EXERCISE OBJECTIVE:
Give back exactly the line containing "ultimately show ?thesis" together with all the lines after it, ending at the final line below.

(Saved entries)
lemma rtrancl_arcs_avoiding_first_hit:
  assumes "(a, b) \<in> (arcs_avoiding V A Z)\<^sup>*" and "a \<notin> Y"
  shows "(a, b) \<in> (arcs_avoiding V A (Z \<union> Y))\<^sup>* \<or>
    (\<exists>y\<in>Y. (a, y) \<in> (arcs_avoiding V A (Z \<union> (Y - {y})))\<^sup>*)"
proof -
  have "((a, b) \<in> (arcs_avoiding V A (Z \<union> Y))\<^sup>* \<and> b \<notin> Y) \<or>
    (\<exists>y\<in>Y. (a, y) \<in> (arcs_avoiding V A (Z \<union> (Y - {y})))\<^sup>*)"
    using assms(1)
  proof (induction rule: rtrancl_induct)
    case base
    then show ?case using assms(2) by simp
  next
    case (step w w')
    show ?case
    proof (cases "\<exists>y\<in>Y. (a, y) \<in> (arcs_avoiding V A (Z \<union> (Y - {y})))\<^sup>*")
      case True
      then show ?thesis by blast
    next
      case False
      with step.IH have aw: "(a, w) \<in> (arcs_avoiding V A (Z \<union> Y))\<^sup>*" and "w \<notin> Y" by auto
      show ?thesis
      proof (cases "w' \<in> Y")
        case True
        have "(a, w) \<in> (arcs_avoiding V A (Z \<union> (Y - {w'})))\<^sup>*"
          by (rule rtrancl_arcs_avoiding_antimono[OF _ aw]) auto
        moreover have "(w, w') \<in> arcs_avoiding V A (Z \<union> (Y - {w'}))"
          using step.hyps(2) \<open>w \<notin> Y\<close> by (auto simp: arcs_avoiding_def)
        ultimately show ?thesis using True by (meson rtrancl.rtrancl_into_rtrancl)
      next
        case False
        then have "(w, w') \<in> arcs_avoiding V A (Z \<union> Y)"
          using step.hyps(2) \<open>w \<notin> Y\<close> by (auto simp: arcs_avoiding_def)
        then show ?thesis using aw False by (meson rtrancl.rtrancl_into_rtrancl)
      qed
    qed
  qed
  then show ?thesis by blast
qed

EXERCISE OUTPUT:
        ultimately show ?thesis using True by (meson rtrancl.rtrancl_into_rtrancl)
      next
        case False
        then have "(w, w') \<in> arcs_avoiding V A (Z \<union> Y)"
          using step.hyps(2) \<open>w \<notin> Y\<close> by (auto simp: arcs_avoiding_def)
        then show ?thesis using aw False by (meson rtrancl.rtrancl_into_rtrancl)
      qed
    qed
  qed
  then show ?thesis by blast
qed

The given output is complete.